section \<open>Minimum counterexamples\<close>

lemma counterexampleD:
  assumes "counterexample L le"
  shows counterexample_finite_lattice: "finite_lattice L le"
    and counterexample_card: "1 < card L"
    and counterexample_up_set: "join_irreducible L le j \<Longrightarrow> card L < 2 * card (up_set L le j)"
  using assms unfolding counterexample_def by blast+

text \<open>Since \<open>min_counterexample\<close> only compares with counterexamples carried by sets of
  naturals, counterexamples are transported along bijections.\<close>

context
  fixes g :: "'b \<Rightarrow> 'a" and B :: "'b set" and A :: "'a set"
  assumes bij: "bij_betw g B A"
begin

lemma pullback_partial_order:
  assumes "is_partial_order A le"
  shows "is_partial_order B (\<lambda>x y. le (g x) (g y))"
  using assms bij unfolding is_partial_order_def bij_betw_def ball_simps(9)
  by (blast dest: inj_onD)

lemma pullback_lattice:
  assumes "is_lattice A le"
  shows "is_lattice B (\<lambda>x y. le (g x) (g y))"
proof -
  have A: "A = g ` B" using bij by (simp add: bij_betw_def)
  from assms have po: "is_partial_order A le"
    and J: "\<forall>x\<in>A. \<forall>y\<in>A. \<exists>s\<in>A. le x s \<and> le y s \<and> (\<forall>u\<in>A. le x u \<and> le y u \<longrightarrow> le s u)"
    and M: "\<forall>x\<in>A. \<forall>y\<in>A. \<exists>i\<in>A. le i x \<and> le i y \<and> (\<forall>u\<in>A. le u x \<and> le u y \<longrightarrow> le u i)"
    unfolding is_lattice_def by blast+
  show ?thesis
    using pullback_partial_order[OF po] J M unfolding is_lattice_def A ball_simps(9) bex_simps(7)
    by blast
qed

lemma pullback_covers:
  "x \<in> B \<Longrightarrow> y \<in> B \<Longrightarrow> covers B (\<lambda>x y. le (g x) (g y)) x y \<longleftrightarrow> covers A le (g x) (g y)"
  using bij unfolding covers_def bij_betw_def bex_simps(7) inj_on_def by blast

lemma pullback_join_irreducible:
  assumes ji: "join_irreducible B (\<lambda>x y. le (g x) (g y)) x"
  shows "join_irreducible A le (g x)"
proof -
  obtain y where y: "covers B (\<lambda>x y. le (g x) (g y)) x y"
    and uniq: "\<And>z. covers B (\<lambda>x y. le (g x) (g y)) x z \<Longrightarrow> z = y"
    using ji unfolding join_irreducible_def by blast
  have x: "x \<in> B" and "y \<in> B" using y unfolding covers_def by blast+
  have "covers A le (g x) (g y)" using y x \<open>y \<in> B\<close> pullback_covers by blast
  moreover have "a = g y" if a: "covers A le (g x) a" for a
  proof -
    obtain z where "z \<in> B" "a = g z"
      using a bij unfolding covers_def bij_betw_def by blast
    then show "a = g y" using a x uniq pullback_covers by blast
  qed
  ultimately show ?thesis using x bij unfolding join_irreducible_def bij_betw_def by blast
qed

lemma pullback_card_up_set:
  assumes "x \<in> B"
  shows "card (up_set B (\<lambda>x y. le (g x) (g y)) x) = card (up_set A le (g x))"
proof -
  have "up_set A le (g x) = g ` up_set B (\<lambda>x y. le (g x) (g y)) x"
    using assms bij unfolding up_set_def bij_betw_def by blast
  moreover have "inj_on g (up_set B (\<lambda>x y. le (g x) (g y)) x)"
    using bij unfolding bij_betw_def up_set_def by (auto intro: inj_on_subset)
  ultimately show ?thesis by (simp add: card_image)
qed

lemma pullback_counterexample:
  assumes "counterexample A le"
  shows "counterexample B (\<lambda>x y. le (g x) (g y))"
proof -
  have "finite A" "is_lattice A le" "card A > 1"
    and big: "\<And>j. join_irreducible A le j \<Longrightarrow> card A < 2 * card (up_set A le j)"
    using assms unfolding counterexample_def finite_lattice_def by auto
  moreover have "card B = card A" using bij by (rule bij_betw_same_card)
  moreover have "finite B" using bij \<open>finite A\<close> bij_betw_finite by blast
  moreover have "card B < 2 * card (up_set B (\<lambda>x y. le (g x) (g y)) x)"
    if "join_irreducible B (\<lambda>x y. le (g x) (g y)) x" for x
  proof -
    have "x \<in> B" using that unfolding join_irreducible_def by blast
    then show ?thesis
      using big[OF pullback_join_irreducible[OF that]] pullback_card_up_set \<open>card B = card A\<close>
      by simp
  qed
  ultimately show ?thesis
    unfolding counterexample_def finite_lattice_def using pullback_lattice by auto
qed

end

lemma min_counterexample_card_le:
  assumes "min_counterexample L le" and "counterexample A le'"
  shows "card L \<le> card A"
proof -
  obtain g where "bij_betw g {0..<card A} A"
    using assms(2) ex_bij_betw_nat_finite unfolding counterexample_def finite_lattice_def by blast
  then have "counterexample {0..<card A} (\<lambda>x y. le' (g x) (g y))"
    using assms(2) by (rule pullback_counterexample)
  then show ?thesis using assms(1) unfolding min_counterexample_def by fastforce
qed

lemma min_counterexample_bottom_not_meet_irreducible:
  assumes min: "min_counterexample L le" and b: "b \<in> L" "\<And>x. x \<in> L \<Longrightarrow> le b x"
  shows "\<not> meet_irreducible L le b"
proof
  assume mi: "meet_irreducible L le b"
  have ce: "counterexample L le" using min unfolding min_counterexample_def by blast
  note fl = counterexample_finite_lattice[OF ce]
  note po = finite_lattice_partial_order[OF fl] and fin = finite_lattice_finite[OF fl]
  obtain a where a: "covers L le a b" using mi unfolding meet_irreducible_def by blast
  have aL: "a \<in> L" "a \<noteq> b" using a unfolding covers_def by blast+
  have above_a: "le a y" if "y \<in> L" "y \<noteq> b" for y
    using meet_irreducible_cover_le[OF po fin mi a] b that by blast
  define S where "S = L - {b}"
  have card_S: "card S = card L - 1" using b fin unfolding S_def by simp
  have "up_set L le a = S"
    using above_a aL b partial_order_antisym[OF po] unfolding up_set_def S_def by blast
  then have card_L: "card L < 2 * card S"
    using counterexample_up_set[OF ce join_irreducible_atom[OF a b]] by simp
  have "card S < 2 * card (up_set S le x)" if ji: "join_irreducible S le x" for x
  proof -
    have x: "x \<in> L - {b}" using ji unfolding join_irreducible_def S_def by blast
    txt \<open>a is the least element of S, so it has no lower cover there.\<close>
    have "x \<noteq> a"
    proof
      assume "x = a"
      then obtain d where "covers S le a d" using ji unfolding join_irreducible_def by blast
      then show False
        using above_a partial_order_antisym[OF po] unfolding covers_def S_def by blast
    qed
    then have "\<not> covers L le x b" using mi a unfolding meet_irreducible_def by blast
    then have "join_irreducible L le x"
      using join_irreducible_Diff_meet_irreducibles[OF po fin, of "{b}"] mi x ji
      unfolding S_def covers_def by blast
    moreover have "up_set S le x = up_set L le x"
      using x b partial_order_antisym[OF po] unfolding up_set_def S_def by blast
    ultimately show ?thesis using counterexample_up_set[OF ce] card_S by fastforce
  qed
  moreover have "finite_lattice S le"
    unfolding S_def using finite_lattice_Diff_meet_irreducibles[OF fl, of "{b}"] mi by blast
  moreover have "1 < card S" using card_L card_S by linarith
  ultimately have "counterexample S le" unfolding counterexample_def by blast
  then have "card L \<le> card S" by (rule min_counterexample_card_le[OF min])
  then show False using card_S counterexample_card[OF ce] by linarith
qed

**THE TASK**
Throughout the material above, find each line with "then" and return it.

**WORKED SOLUTION**
    then show "a = g y" using a x uniq pullback_covers by blast
    then show ?thesis
  then have "counterexample {0..<card A} (\<lambda>x y. le' (g x) (g y))"
  then show ?thesis using assms(1) unfolding min_counterexample_def by fastforce
  then have card_L: "card L < 2 * card S"
      then obtain d where "covers S le a d" using ji unfolding join_irreducible_def by blast
      then show False
    then have "\<not> covers L le x b" using mi a unfolding meet_irreducible_def by blast
    then have "join_irreducible L le x"
  then have "card L \<le> card S" by (rule min_counterexample_card_le[OF min])
  then show False using card_S counterexample_card[OF ce] by linarith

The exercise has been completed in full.